Collected data
%%
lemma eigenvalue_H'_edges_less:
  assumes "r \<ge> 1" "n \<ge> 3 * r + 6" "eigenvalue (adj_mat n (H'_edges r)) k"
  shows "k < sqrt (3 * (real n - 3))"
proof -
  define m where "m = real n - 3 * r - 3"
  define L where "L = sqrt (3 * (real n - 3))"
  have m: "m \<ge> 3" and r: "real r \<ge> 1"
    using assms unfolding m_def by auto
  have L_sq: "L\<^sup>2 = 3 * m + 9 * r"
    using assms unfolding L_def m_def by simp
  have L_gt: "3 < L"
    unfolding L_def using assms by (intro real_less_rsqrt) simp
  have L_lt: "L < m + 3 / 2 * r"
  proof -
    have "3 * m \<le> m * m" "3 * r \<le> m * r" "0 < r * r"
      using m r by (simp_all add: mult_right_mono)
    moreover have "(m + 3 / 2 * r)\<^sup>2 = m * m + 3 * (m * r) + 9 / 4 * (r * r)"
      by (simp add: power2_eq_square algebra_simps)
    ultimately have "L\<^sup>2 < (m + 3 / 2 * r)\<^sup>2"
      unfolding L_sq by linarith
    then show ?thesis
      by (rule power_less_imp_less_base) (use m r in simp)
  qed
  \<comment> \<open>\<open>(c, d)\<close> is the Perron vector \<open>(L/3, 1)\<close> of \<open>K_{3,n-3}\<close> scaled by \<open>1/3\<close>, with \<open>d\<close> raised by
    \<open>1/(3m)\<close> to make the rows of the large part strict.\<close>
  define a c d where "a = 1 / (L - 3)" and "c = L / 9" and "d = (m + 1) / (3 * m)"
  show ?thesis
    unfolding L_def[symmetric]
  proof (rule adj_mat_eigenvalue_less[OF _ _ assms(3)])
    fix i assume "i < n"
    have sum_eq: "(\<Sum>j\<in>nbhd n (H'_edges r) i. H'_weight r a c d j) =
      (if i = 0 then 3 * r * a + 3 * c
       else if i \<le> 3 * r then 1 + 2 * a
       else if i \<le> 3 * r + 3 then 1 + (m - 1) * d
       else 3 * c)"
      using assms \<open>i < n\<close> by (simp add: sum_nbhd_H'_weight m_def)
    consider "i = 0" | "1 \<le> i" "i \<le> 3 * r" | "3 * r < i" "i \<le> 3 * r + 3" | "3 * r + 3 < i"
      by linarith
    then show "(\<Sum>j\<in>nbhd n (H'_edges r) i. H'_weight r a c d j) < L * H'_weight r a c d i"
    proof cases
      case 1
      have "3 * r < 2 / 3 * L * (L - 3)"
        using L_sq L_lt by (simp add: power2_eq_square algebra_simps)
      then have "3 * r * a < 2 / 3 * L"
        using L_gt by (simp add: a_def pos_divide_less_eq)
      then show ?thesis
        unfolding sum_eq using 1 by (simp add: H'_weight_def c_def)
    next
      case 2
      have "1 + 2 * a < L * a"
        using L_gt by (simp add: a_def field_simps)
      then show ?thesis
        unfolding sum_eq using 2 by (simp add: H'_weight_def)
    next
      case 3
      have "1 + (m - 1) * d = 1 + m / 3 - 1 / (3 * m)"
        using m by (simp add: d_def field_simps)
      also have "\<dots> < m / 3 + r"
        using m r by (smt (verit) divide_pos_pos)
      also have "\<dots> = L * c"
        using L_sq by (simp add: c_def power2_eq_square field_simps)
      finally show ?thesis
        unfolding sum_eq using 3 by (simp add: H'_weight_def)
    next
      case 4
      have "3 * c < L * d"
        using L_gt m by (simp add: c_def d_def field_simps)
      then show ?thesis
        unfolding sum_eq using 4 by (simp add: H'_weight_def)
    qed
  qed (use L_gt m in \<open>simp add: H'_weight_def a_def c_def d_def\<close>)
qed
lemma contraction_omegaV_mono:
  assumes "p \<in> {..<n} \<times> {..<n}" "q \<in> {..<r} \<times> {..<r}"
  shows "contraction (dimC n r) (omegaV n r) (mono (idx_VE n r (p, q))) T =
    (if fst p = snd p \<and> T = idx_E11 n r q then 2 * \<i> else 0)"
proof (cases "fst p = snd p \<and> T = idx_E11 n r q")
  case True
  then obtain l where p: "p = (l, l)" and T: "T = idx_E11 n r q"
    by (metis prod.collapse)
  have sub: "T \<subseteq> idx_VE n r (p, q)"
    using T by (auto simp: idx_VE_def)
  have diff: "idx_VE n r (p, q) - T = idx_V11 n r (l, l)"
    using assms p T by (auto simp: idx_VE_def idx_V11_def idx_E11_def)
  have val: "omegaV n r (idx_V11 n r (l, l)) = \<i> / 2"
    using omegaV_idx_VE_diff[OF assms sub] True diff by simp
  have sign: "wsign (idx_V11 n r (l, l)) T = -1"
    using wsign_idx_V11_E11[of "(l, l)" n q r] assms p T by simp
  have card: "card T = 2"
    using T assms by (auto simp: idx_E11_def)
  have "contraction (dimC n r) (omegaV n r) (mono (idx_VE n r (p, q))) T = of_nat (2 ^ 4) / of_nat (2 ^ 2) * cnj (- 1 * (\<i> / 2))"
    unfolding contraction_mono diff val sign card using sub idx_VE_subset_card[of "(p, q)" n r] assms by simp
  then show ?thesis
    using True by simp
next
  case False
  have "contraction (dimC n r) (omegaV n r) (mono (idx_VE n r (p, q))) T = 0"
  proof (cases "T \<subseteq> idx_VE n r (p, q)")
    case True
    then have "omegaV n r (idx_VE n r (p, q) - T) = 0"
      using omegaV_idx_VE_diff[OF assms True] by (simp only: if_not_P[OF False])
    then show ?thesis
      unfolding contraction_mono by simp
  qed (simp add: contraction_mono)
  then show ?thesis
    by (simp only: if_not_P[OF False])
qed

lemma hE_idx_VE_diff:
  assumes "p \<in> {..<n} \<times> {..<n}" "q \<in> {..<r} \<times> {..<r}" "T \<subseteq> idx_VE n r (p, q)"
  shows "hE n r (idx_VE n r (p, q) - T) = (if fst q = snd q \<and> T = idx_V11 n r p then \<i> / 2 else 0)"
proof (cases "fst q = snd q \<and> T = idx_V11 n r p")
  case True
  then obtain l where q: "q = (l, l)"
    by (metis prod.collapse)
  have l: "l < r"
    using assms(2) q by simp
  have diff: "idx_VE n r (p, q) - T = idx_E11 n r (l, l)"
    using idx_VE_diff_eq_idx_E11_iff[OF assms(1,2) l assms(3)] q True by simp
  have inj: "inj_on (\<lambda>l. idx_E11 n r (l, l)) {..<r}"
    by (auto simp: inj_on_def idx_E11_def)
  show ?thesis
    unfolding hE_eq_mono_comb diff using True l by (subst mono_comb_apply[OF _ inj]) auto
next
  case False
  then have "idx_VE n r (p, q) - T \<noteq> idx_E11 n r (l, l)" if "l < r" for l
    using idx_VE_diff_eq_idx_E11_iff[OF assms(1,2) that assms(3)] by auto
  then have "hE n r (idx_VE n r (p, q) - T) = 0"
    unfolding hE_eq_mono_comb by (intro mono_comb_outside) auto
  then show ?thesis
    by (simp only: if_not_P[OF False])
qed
%%
## How to complete this task
Write out the data again, exactly and in full.

## Written reply
lemma eigenvalue_H'_edges_less:
  assumes "r \<ge> 1" "n \<ge> 3 * r + 6" "eigenvalue (adj_mat n (H'_edges r)) k"
  shows "k < sqrt (3 * (real n - 3))"
proof -
  define m where "m = real n - 3 * r - 3"
  define L where "L = sqrt (3 * (real n - 3))"
  have m: "m \<ge> 3" and r: "real r \<ge> 1"
    using assms unfolding m_def by auto
  have L_sq: "L\<^sup>2 = 3 * m + 9 * r"
    using assms unfolding L_def m_def by simp
  have L_gt: "3 < L"
    unfolding L_def using assms by (intro real_less_rsqrt) simp
  have L_lt: "L < m + 3 / 2 * r"
  proof -
    have "3 * m \<le> m * m" "3 * r \<le> m * r" "0 < r * r"
      using m r by (simp_all add: mult_right_mono)
    moreover have "(m + 3 / 2 * r)\<^sup>2 = m * m + 3 * (m * r) + 9 / 4 * (r * r)"
      by (simp add: power2_eq_square algebra_simps)
    ultimately have "L\<^sup>2 < (m + 3 / 2 * r)\<^sup>2"
      unfolding L_sq by linarith
    then show ?thesis
      by (rule power_less_imp_less_base) (use m r in simp)
  qed
  \<comment> \<open>\<open>(c, d)\<close> is the Perron vector \<open>(L/3, 1)\<close> of \<open>K_{3,n-3}\<close> scaled by \<open>1/3\<close>, with \<open>d\<close> raised by
    \<open>1/(3m)\<close> to make the rows of the large part strict.\<close>
  define a c d where "a = 1 / (L - 3)" and "c = L / 9" and "d = (m + 1) / (3 * m)"
  show ?thesis
    unfolding L_def[symmetric]
  proof (rule adj_mat_eigenvalue_less[OF _ _ assms(3)])
    fix i assume "i < n"
    have sum_eq: "(\<Sum>j\<in>nbhd n (H'_edges r) i. H'_weight r a c d j) =
      (if i = 0 then 3 * r * a + 3 * c
       else if i \<le> 3 * r then 1 + 2 * a
       else if i \<le> 3 * r + 3 then 1 + (m - 1) * d
       else 3 * c)"
      using assms \<open>i < n\<close> by (simp add: sum_nbhd_H'_weight m_def)
    consider "i = 0" | "1 \<le> i" "i \<le> 3 * r" | "3 * r < i" "i \<le> 3 * r + 3" | "3 * r + 3 < i"
      by linarith
    then show "(\<Sum>j\<in>nbhd n (H'_edges r) i. H'_weight r a c d j) < L * H'_weight r a c d i"
    proof cases
      case 1
      have "3 * r < 2 / 3 * L * (L - 3)"
        using L_sq L_lt by (simp add: power2_eq_square algebra_simps)
      then have "3 * r * a < 2 / 3 * L"
        using L_gt by (simp add: a_def pos_divide_less_eq)
      then show ?thesis
        unfolding sum_eq using 1 by (simp add: H'_weight_def c_def)
    next
      case 2
      have "1 + 2 * a < L * a"
        using L_gt by (simp add: a_def field_simps)
      then show ?thesis
        unfolding sum_eq using 2 by (simp add: H'_weight_def)
    next
      case 3
      have "1 + (m - 1) * d = 1 + m / 3 - 1 / (3 * m)"
        using m by (simp add: d_def field_simps)
      also have "\<dots> < m / 3 + r"
        using m r by (smt (verit) divide_pos_pos)
      also have "\<dots> = L * c"
        using L_sq by (simp add: c_def power2_eq_square field_simps)
      finally show ?thesis
        unfolding sum_eq using 3 by (simp add: H'_weight_def)
    next
      case 4
      have "3 * c < L * d"
        using L_gt m by (simp add: c_def d_def field_simps)
      then show ?thesis
        unfolding sum_eq using 4 by (simp add: H'_weight_def)
    qed
  qed (use L_gt m in \<open>simp add: H'_weight_def a_def c_def d_def\<close>)
qed
lemma contraction_omegaV_mono:
  assumes "p \<in> {..<n} \<times> {..<n}" "q \<in> {..<r} \<times> {..<r}"
  shows "contraction (dimC n r) (omegaV n r) (mono (idx_VE n r (p, q))) T =
    (if fst p = snd p \<and> T = idx_E11 n r q then 2 * \<i> else 0)"
proof (cases "fst p = snd p \<and> T = idx_E11 n r q")
  case True
  then obtain l where p: "p = (l, l)" and T: "T = idx_E11 n r q"
    by (metis prod.collapse)
  have sub: "T \<subseteq> idx_VE n r (p, q)"
    using T by (auto simp: idx_VE_def)
  have diff: "idx_VE n r (p, q) - T = idx_V11 n r (l, l)"
    using assms p T by (auto simp: idx_VE_def idx_V11_def idx_E11_def)
  have val: "omegaV n r (idx_V11 n r (l, l)) = \<i> / 2"
    using omegaV_idx_VE_diff[OF assms sub] True diff by simp
  have sign: "wsign (idx_V11 n r (l, l)) T = -1"
    using wsign_idx_V11_E11[of "(l, l)" n q r] assms p T by simp
  have card: "card T = 2"
    using T assms by (auto simp: idx_E11_def)
  have "contraction (dimC n r) (omegaV n r) (mono (idx_VE n r (p, q))) T = of_nat (2 ^ 4) / of_nat (2 ^ 2) * cnj (- 1 * (\<i> / 2))"
    unfolding contraction_mono diff val sign card using sub idx_VE_subset_card[of "(p, q)" n r] assms by simp
  then show ?thesis
    using True by simp
next
  case False
  have "contraction (dimC n r) (omegaV n r) (mono (idx_VE n r (p, q))) T = 0"
  proof (cases "T \<subseteq> idx_VE n r (p, q)")
    case True
    then have "omegaV n r (idx_VE n r (p, q) - T) = 0"
      using omegaV_idx_VE_diff[OF assms True] by (simp only: if_not_P[OF False])
    then show ?thesis
      unfolding contraction_mono by simp
  qed (simp add: contraction_mono)
  then show ?thesis
    by (simp only: if_not_P[OF False])
qed

lemma hE_idx_VE_diff:
  assumes "p \<in> {..<n} \<times> {..<n}" "q \<in> {..<r} \<times> {..<r}" "T \<subseteq> idx_VE n r (p, q)"
  shows "hE n r (idx_VE n r (p, q) - T) = (if fst q = snd q \<and> T = idx_V11 n r p then \<i> / 2 else 0)"
proof (cases "fst q = snd q \<and> T = idx_V11 n r p")
  case True
  then obtain l where q: "q = (l, l)"
    by (metis prod.collapse)
  have l: "l < r"
    using assms(2) q by simp
  have diff: "idx_VE n r (p, q) - T = idx_E11 n r (l, l)"
    using idx_VE_diff_eq_idx_E11_iff[OF assms(1,2) l assms(3)] q True by simp
  have inj: "inj_on (\<lambda>l. idx_E11 n r (l, l)) {..<r}"
    by (auto simp: inj_on_def idx_E11_def)
  show ?thesis
    unfolding hE_eq_mono_comb diff using True l by (subst mono_comb_apply[OF _ inj]) auto
next
  case False
  then have "idx_VE n r (p, q) - T \<noteq> idx_E11 n r (l, l)" if "l < r" for l
    using idx_VE_diff_eq_idx_E11_iff[OF assms(1,2) that assms(3)] by auto
  then have "hE n r (idx_VE n r (p, q) - T) = 0"
    unfolding hE_eq_mono_comb by (intro mono_comb_outside) auto
  then show ?thesis
    by (simp only: if_not_P[OF False])
qed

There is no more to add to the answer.